Harriet shrugged her narrow shoulders. “PicoCon,” she said flatly. “OmicronA might be in it too, but PicoCon’s board likes to keep these little adventures in-house. It’s a matter of style. What I can’t figure out is what they’re so
annoyed
about and why they’re tackling it in such a roundabout way. Compared with their irresistible juggernaut, Eveline Hywood’s organization is a mere ant, which could be crushed underfoot on a whim. Ahasuerus might be a flea, but it’s a flea that’s already in their pocket, moneywise. This can’t be everyday commercial competition, and it must be something that they find
interesting
, or they’d just stamp on it—but if it isn’t about money . . ..” She left the sentence unfinished.

“PicoCon,” Madoc repeated wonderingly. “
PicoCon
kidnapped Silas Arnett and tried to frame Conrad Helier for causing the Crash?
PicoCon
blew up Kachellek’s boat, torched Surinder Nahal’s body, and strewed forged tapes and Eliminator bulletins all over the Net?”
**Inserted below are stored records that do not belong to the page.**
(* Let $\pi$ be the free group of rank two with presentation $\langle A_1,A_2,A_3\mid A_1A_2A_3=\mathbb{I}\rangle$, and let $\rho_0:\pi\to\mathsf{SO}(2,1)^0$ be a homomorphism such that each $\rho_0(A_i)$ ($i=1,2,3$) is hyperbolic or parabolic and $\rho_0(\pi)$ is not solvable. For each $i$ choose $\mathsf{v}_i\in\mathrm{Fix}(\rho_0(A_i))$ positive relative to $\rho_0(A_i)$, and define $\mu_i:H^1(\pi,V)\to\mathbb{R}$ by $\mu_i([u])=u(A_i)\cdot\mathsf{v}_i$ (the value of $(\rho(A_i)(x)-x)\cdot\mathsf{v}_i$ for the affine deformation $\rho$ with translational part $u$). Then $\mu=(\mu_1,\mu_2,\mu_3):H^1(\pi,V)\to\mathbb{R}^3$ is a well-defined linear isomorphism of vector spaces.
   Context: $V=\mathbb{R}^3$ with the Lorentzian inner product $x\cdot y=x_1y_1+x_2y_2-x_3y_3$ and its standard orientation, regarded as a $\pi$-module via $\rho_0$; $\mathsf{SO}(2,1)^0$ is the identity component of its isometry group. $H^1(\pi,V)$ is group cohomology: cocycles $u:\pi\to V$ with $u(gh)=u(g)+\rho_0(g)u(h)$ modulo coboundaries $g\mapsto \rho_0(g)x-x$. A nonidentity $g\in\mathsf{SO}(2,1)^0$ is hyperbolic if it has three distinct real eigenvalues and parabolic if its only eigenvalue is $1$; then $\mathrm{Fix}(g)$ is a line. A vector $\mathsf{v}\in\mathrm{Fix}(g)$ is positive relative to $g$ if $(\mathsf{v},x,gx)$ is a positively oriented basis for any null ($x\cdot x=0$) or timelike ($x\cdot x<0$) vector $x$ that is not an eigenvector of $g$. An affine deformation with translational part $u$ is $\rho(g)(x)=\rho_0(g)x+u(g)$. *)

theory Defs
  imports "HOL-Analysis.Analysis" "HOL-Algebra.Solvable_Groups" "HOL-Algebra.Generated_Groups"
begin
(* Let $(H,B_1,B_2)$ be a Rota-Baxter system of Hopf algebras, $G(H)$ the group of group-like elements of $H$ and $P(H)$ the Lie algebra of primitive elements of $H$. Then $B_1,B_2$ map $G(H)$ into $G(H)$ and $P(H)$ into $P(H)$, $(G(H),B_1|_{G(H)},S\circ B_2|_{G(H)})$ is a Rota-Baxter system of groups, and $(P(H),B_1|_{P(H)},-B_2|_{P(H)})$ is a Rota-Baxter system of Lie algebras.
   Context: $\mathbb{F}$ is a field of characteristic $0$; Sweedler notation $\Delta(a)=a_1\otimes a_2$. A Rota-Baxter system of Hopf algebras is a triple $(H,B_1,B_2)$ where $(H,\cdot,1,\Delta,\epsilon,S)$ is a cocommutative Hopf algebra and $B_1,B_2:H\to H$ are coalgebra homomorphisms with $B_1(1)=B_2(1)=1$ such that for all $a,b\in H$: $B_1(a)B_1(b)=B_1(B_1(a_1)bS(B_2(a_2)))$ and $B_2(a)B_2(b)=B_2(B_1(a_1)bS(B_2(a_2)))$. A Rota-Baxter system of groups is a group $G$ with maps $R_1,R_2:G\to G$ such that $R_1(a)R_1(b)=R_1(R_1(a)bR_2(a))$ and $R_2(b)R_2(a)=R_2(R_1(a)bR_2(a))$ for all $a,b\in G$. A Rota-Baxter system of Lie algebras is a Lie algebra $\mathfrak{g}$ with linear maps $R_1,R_2$ such that $[R_1(a),R_1(b)]=R_1([R_1(a),R_1(b)]-[R_2(a),R_2(b)])$ and $[R_2(b),R_2(a)]=R_2([R_1(a),R_1(b)]-[R_2(a),R_2(b)])$ for all $a,b\in\mathfrak{g}$. The bracket on $P(H)$ is the commutator $[a,b]=ab-ba$. *)

theory Defs
  imports "HOL-Algebra.Group" "HOL-Library.Function_Algebras" "HOL.Vector_Spaces"
begin

text \<open>Elements of the free vector
space on H x H (resp. H x H x H) are finitely supported functions to 'k. The tensor
product H (x) H is the quotient of this free space by the subspace spanned by the
bilinearity relations; we work with representatives and the equivalence teq2 / teq3.\<close>

definition delta :: "'a \<Rightarrow> 'a \<Rightarrow> 'k::zero_neq_one" where
  "delta p = (\<lambda>q. if q = p then 1 else 0)"

definition fscale :: "'k::times \<Rightarrow> ('a \<Rightarrow> 'k) \<Rightarrow> ('a \<Rightarrow> 'k)" where
  "fscale c g = (\<lambda>x. c * g x)"

definition fin_supp :: "('a \<Rightarrow> 'k::zero) \<Rightarrow> bool" where
  "fin_supp t \<longleftrightarrow> finite {p. t p \<noteq> 0}"

definition lin_ext :: "('k \<Rightarrow> 'b \<Rightarrow> 'b) \<Rightarrow> ('a \<Rightarrow> 'k::zero) \<Rightarrow> ('a \<Rightarrow> 'b) \<Rightarrow> 'b::comm_monoid_add" where
  "lin_ext sc t f = (\<Sum>p | t p \<noteq> 0. sc (t p) (f p))"

definition rel2 :: "('k::field \<Rightarrow> 'h::plus \<Rightarrow> 'h) \<Rightarrow> ('h \<times> 'h \<Rightarrow> 'k) set" where
  "rel2 smul =
     {delta (x + x', y) - delta (x, y) - delta (x', y) | x x' y. True}
   \<union> {delta (x, y + y') - delta (x, y) - delta (x, y') | x y y'. True}
   \<union> {delta (smul c x, y) - fscale c (delta (x, y)) | c x y. True}
   \<union> {delta (x, smul c y) - fscale c (delta (x, y)) | c x y. True}"

definition rel3 :: "('k::field \<Rightarrow> 'h::plus \<Rightarrow> 'h) \<Rightarrow> ('h \<times> 'h \<times> 'h \<Rightarrow> 'k) set" where
  "rel3 smul =
     {delta (x + x', y, z) - delta (x, y, z) - delta (x', y, z) | x x' y z. True}
   \<union> {delta (x, y + y', z) - delta (x, y, z) - delta (x, y', z) | x y y' z. True}
   \<union> {delta (x, y, z + z') - delta (x, y, z) - delta (x, y, z') | x y z z'. True}
   \<union> {delta (smul c x, y, z) - fscale c (delta (x, y, z)) | c x y z. True}
   \<union> {delta (x, smul c y, z) - fscale c (delta (x, y, z)) | c x y z. True}
   \<union> {delta (x, y, smul c z) - fscale c (delta (x, y, z)) | c x y z. True}"

definition teq2 :: "('k::field \<Rightarrow> 'h::plus \<Rightarrow> 'h) \<Rightarrow> ('h \<times> 'h \<Rightarrow> 'k) \<Rightarrow> ('h \<times> 'h \<Rightarrow> 'k) \<Rightarrow> bool" where
  "teq2 smul t u \<longleftrightarrow> t - u \<in> module.span fscale (rel2 smul)"

definition teq3 :: "('k::field \<Rightarrow> 'h::plus \<Rightarrow> 'h) \<Rightarrow> ('h \<times> 'h \<times> 'h \<Rightarrow> 'k) \<Rightarrow> ('h \<times> 'h \<times> 'h \<Rightarrow> 'k) \<Rightarrow> bool" where
  "teq3 smul t u \<longleftrightarrow> t - u \<in> module.span fscale (rel3 smul)"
“They’re also handily placed for pushing messages under people’s doors hereabouts—but for what it’s worth, I don’t think PicoCon did
all
of that. They just started the ball rolling. This business with the burned body and the VE pak is a counter-punch. I think Hywood’s people did that—and I think they rigged the second confession too. They were supposed to roll over and beg for mercy, but they fought back instead. You have to admire them for it, but it might be unwise. Just because PicoCon used gentler methods first time around it doesn’t mean that they won’t use brute force to settle the matter. That’s why I’m worried about you. If Kachellek really was blown up, you might be next on the list.”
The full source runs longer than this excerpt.